Dataset entries:
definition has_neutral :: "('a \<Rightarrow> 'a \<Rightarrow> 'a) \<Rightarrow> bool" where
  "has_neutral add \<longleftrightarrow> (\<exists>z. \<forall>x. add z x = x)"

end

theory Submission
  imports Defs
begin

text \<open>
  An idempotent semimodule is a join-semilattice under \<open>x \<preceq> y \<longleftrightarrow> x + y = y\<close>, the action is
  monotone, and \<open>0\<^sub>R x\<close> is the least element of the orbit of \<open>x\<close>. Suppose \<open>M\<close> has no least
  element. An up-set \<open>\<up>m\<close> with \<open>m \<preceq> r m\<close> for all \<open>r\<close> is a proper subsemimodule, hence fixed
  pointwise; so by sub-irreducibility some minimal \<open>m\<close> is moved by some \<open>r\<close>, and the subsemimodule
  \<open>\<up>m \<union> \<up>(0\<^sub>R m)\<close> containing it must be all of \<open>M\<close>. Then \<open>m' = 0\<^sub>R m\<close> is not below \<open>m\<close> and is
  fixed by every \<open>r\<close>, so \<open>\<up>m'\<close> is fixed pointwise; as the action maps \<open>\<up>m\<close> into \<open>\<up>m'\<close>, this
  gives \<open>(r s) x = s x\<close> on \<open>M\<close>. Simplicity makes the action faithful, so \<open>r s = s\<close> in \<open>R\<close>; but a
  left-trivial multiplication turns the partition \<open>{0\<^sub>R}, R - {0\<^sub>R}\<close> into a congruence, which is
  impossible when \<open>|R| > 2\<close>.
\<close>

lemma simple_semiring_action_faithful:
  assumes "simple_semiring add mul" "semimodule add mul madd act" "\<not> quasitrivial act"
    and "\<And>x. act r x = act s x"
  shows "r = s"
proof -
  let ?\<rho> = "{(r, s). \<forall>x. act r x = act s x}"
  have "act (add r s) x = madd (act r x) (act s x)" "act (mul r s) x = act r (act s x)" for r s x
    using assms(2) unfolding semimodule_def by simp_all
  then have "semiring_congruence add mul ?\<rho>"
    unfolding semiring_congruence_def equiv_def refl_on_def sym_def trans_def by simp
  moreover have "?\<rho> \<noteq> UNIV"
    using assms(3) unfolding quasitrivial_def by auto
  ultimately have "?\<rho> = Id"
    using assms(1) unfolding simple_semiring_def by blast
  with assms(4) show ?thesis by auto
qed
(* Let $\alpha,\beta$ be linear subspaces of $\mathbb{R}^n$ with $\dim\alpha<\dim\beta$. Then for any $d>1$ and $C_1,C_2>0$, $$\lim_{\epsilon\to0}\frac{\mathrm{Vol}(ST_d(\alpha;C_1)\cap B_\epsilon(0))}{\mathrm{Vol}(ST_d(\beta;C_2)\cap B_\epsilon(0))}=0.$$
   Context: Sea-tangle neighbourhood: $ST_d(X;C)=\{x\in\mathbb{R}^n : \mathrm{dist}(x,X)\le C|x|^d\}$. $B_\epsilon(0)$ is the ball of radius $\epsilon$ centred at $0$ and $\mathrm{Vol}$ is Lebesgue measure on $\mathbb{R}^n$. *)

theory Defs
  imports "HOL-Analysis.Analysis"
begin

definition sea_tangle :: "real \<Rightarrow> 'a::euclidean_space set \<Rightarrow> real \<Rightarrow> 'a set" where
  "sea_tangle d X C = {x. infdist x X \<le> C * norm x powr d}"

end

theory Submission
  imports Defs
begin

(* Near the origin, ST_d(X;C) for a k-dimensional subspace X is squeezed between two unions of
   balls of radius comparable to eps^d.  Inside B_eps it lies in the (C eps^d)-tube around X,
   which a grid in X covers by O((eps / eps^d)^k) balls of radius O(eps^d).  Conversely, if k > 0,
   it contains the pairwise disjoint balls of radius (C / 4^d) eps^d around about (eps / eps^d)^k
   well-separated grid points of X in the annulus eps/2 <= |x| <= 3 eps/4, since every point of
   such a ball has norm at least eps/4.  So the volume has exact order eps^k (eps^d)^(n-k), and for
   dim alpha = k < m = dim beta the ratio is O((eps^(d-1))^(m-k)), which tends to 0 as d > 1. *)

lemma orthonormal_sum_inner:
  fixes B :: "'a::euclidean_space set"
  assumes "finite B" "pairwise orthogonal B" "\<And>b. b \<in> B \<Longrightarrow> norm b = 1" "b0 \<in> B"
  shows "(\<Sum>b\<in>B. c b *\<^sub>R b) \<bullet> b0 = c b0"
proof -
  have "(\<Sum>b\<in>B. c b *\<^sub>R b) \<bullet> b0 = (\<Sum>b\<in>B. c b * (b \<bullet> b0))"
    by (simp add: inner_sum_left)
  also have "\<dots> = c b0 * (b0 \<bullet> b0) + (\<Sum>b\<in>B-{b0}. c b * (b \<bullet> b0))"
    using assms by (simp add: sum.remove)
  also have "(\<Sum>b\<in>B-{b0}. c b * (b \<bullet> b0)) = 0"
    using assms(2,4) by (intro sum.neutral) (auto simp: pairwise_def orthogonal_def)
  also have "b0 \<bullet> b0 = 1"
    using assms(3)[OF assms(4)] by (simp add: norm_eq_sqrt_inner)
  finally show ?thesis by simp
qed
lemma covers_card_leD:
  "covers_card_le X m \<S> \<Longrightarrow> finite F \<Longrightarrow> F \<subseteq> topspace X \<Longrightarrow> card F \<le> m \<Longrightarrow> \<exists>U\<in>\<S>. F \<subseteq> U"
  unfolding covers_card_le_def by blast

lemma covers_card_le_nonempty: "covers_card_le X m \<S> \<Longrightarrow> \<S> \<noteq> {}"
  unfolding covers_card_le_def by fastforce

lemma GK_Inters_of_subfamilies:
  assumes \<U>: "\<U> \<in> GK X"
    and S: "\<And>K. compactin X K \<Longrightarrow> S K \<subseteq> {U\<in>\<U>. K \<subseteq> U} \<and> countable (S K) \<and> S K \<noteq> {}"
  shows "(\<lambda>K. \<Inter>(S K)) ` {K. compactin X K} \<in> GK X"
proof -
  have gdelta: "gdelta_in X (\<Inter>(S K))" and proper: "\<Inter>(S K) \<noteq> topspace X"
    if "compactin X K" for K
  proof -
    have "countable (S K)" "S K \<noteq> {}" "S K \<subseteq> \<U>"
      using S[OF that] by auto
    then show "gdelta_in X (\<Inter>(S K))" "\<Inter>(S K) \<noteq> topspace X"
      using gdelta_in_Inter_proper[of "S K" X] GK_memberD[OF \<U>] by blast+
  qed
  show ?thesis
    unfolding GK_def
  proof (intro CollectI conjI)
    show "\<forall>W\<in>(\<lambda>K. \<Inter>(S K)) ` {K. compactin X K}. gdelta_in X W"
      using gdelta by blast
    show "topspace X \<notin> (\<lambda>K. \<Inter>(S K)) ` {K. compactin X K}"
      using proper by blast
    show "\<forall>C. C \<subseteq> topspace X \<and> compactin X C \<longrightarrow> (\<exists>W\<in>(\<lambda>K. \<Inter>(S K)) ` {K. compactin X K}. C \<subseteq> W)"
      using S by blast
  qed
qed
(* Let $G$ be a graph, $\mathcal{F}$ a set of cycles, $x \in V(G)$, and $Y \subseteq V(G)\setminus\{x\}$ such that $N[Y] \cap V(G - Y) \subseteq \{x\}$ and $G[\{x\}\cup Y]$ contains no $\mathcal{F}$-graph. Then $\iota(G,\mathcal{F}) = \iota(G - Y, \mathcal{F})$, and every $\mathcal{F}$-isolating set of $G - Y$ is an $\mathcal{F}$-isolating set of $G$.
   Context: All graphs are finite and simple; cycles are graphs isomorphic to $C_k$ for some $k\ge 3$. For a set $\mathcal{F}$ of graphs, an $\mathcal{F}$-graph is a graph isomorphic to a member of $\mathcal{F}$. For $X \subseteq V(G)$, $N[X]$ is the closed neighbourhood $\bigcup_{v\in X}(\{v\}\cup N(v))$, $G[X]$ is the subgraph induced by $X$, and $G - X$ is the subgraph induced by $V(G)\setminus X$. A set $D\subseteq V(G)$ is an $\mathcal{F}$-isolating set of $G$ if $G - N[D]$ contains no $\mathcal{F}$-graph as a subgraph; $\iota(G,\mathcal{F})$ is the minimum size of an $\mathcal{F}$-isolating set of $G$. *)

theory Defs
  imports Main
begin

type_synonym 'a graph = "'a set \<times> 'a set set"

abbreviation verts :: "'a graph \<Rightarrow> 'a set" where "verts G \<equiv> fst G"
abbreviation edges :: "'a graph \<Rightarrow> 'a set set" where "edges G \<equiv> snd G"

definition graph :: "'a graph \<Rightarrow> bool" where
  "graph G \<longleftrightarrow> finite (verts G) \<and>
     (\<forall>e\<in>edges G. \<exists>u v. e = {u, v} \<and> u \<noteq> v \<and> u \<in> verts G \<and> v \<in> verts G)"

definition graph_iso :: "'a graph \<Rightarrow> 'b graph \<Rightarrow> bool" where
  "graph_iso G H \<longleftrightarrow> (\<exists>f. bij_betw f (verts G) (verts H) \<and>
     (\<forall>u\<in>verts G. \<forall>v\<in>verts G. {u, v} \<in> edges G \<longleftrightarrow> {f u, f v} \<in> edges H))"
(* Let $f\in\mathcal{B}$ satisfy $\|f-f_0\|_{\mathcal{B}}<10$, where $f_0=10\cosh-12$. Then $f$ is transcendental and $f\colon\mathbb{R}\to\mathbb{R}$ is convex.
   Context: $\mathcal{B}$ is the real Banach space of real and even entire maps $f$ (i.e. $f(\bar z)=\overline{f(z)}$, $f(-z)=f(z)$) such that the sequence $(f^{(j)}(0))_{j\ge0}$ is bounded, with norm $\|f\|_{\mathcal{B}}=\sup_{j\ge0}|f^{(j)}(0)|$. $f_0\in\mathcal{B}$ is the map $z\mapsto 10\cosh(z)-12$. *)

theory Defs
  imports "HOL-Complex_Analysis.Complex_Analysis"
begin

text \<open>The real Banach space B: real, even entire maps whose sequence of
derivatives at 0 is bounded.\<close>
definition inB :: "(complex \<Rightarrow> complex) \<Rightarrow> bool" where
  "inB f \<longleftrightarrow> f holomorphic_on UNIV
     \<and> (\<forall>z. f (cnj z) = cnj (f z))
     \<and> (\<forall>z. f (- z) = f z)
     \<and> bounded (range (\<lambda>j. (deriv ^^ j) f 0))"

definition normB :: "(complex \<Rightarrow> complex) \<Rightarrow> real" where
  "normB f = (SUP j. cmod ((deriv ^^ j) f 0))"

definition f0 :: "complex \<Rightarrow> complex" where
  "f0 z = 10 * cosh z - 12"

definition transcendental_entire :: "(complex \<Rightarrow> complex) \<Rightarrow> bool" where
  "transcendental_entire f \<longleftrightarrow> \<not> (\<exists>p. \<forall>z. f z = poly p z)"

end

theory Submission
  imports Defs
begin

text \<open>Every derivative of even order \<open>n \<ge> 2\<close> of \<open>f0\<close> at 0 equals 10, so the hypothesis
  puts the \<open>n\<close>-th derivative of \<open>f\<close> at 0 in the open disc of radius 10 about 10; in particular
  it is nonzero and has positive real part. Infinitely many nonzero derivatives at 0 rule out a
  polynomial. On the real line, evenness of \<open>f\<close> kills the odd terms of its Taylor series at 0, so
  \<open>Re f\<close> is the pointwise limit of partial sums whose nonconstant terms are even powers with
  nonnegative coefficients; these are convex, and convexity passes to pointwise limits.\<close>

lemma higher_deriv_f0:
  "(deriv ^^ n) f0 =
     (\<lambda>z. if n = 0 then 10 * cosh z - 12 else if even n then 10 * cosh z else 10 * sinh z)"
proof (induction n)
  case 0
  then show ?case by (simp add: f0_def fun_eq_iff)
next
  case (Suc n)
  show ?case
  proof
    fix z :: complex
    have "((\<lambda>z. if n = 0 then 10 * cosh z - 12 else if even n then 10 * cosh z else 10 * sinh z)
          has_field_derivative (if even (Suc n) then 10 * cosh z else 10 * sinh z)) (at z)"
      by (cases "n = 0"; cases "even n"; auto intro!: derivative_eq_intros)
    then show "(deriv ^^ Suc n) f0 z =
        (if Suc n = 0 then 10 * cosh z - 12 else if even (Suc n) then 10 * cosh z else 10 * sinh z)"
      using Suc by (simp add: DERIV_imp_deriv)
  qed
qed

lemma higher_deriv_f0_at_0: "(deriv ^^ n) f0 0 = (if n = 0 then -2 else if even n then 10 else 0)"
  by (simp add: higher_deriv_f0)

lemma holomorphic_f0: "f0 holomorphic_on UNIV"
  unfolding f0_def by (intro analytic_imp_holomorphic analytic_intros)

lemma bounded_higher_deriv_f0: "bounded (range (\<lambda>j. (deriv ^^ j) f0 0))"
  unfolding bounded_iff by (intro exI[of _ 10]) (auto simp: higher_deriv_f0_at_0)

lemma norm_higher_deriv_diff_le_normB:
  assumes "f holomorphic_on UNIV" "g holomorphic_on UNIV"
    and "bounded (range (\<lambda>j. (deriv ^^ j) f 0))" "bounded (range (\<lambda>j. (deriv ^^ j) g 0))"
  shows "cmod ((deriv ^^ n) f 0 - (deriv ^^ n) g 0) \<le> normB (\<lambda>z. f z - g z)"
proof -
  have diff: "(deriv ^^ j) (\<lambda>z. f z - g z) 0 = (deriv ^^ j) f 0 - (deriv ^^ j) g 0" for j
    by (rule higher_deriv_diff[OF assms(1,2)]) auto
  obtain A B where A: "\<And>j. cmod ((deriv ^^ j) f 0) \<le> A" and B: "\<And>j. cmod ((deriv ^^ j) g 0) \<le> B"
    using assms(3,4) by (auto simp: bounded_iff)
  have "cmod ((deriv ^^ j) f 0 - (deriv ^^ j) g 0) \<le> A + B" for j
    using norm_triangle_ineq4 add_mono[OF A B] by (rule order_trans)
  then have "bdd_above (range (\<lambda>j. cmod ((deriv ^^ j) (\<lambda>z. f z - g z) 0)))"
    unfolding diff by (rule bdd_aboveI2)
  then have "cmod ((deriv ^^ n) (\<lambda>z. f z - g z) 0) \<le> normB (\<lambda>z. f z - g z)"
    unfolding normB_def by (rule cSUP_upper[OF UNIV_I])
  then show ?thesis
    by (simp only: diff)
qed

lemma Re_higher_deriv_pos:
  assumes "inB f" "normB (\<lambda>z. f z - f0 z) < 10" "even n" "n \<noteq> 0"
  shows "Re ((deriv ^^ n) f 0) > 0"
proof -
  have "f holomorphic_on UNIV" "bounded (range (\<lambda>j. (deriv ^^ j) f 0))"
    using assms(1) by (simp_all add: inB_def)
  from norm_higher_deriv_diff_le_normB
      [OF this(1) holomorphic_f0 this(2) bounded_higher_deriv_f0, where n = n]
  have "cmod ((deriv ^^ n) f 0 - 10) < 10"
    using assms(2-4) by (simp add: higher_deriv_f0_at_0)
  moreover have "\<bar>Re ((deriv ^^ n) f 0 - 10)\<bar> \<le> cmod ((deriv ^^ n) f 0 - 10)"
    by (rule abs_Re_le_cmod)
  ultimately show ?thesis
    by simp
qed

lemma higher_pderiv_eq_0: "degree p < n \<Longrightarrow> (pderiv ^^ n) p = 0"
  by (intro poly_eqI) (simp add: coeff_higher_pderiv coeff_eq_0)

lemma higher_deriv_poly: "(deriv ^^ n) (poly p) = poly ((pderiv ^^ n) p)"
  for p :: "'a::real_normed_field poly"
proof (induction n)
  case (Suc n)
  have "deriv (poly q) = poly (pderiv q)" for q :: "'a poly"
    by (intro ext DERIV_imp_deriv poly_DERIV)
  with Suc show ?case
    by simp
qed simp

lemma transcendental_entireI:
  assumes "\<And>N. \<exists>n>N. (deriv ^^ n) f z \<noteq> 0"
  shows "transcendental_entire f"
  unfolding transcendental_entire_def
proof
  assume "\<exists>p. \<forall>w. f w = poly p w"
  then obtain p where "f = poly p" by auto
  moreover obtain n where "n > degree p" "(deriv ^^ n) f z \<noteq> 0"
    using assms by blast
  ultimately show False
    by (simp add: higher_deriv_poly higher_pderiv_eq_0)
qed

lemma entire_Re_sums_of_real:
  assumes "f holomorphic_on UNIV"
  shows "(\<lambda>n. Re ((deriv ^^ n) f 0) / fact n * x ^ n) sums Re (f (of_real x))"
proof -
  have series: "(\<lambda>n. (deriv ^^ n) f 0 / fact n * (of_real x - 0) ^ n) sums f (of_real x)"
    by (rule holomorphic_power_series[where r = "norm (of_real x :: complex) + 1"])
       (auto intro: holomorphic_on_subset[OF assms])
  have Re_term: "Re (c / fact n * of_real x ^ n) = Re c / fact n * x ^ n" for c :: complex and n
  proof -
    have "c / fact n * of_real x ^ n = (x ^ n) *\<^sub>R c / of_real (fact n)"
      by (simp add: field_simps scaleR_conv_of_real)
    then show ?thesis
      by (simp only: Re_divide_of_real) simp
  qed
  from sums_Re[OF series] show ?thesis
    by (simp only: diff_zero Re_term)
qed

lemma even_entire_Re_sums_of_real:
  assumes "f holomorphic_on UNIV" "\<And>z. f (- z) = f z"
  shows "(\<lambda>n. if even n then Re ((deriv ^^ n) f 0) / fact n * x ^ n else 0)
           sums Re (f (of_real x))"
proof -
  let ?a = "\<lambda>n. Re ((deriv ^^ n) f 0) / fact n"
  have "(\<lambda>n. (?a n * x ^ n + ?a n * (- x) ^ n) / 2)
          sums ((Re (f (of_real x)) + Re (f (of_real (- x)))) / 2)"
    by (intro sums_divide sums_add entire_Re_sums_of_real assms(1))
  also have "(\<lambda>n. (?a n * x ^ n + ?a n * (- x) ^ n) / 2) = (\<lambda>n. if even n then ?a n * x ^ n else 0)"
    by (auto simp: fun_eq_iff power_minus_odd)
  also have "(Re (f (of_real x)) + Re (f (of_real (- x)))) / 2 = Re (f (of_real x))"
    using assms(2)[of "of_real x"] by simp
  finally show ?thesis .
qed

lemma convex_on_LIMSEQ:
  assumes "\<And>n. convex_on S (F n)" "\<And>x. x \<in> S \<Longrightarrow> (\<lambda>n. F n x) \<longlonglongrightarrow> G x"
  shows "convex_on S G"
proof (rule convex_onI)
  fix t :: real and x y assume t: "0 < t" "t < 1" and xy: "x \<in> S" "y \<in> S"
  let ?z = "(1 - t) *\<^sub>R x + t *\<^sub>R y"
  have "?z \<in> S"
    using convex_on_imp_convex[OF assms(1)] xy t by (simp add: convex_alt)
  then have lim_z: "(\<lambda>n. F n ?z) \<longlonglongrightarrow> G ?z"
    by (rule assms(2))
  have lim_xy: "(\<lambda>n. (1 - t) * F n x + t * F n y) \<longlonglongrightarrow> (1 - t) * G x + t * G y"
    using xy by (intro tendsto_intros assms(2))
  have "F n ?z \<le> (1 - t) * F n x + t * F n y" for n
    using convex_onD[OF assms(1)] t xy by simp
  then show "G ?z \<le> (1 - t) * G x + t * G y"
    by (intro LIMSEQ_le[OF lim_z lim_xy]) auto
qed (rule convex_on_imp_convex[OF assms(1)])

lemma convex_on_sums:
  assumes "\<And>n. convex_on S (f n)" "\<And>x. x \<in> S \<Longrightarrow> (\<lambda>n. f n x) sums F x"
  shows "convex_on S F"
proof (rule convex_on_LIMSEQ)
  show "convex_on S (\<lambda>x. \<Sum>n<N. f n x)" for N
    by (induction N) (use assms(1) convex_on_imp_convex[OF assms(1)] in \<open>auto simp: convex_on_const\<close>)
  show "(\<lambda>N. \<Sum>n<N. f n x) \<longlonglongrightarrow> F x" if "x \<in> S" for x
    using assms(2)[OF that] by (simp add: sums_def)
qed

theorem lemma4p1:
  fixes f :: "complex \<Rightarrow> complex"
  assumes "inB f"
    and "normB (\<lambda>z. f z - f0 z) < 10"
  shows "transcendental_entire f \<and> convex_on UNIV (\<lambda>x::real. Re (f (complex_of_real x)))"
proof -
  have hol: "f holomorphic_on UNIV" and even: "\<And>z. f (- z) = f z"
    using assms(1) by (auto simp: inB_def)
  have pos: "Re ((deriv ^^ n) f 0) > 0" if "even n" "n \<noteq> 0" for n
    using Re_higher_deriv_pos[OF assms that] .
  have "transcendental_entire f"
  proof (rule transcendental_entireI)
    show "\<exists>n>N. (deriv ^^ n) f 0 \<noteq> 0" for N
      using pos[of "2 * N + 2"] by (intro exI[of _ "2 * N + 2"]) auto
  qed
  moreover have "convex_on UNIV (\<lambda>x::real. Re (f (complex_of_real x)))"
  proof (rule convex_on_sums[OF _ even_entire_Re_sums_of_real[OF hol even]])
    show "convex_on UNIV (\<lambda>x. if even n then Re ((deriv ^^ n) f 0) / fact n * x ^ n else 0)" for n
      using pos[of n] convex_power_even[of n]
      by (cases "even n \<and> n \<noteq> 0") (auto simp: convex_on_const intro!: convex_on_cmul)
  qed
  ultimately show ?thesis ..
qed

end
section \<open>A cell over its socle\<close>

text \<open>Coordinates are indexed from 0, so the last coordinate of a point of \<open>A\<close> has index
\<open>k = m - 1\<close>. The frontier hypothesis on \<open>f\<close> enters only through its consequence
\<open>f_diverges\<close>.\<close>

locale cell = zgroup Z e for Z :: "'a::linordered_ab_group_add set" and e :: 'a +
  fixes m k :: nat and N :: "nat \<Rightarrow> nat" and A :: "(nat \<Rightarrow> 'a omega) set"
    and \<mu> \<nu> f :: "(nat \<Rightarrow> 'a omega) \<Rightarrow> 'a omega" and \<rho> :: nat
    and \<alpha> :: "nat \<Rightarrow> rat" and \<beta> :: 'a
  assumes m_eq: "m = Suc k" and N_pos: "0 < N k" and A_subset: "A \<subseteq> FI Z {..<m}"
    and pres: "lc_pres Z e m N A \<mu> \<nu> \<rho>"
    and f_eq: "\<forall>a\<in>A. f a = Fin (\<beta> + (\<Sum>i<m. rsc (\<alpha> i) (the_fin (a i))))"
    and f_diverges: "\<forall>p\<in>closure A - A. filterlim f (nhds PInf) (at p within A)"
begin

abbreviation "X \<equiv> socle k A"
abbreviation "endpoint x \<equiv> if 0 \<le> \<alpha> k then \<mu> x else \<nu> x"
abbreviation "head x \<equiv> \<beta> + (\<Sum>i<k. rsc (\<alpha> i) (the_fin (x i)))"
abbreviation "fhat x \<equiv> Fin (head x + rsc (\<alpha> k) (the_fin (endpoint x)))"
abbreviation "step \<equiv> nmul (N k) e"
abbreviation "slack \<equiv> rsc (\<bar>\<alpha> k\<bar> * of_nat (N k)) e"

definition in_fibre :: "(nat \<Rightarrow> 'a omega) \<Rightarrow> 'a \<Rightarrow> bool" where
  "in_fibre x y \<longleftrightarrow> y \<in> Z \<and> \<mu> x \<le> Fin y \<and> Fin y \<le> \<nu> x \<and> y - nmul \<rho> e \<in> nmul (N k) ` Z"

▸ **DIRECTIONS**:
What is needed is an exact copy of the entries above, from the first line through the line holding "element. An up-set", with both of those lines kept; please give nothing else.

▸ **RESPONSE AREA**:
definition has_neutral :: "('a \<Rightarrow> 'a \<Rightarrow> 'a) \<Rightarrow> bool" where
  "has_neutral add \<longleftrightarrow> (\<exists>z. \<forall>x. add z x = x)"

end

theory Submission
  imports Defs
begin

text \<open>
  An idempotent semimodule is a join-semilattice under \<open>x \<preceq> y \<longleftrightarrow> x + y = y\<close>, the action is
  monotone, and \<open>0\<^sub>R x\<close> is the least element of the orbit of \<open>x\<close>. Suppose \<open>M\<close> has no least
  element. An up-set \<open>\<up>m\<close> with \<open>m \<preceq> r m\<close> for all \<open>r\<close> is a proper subsemimodule, hence fixed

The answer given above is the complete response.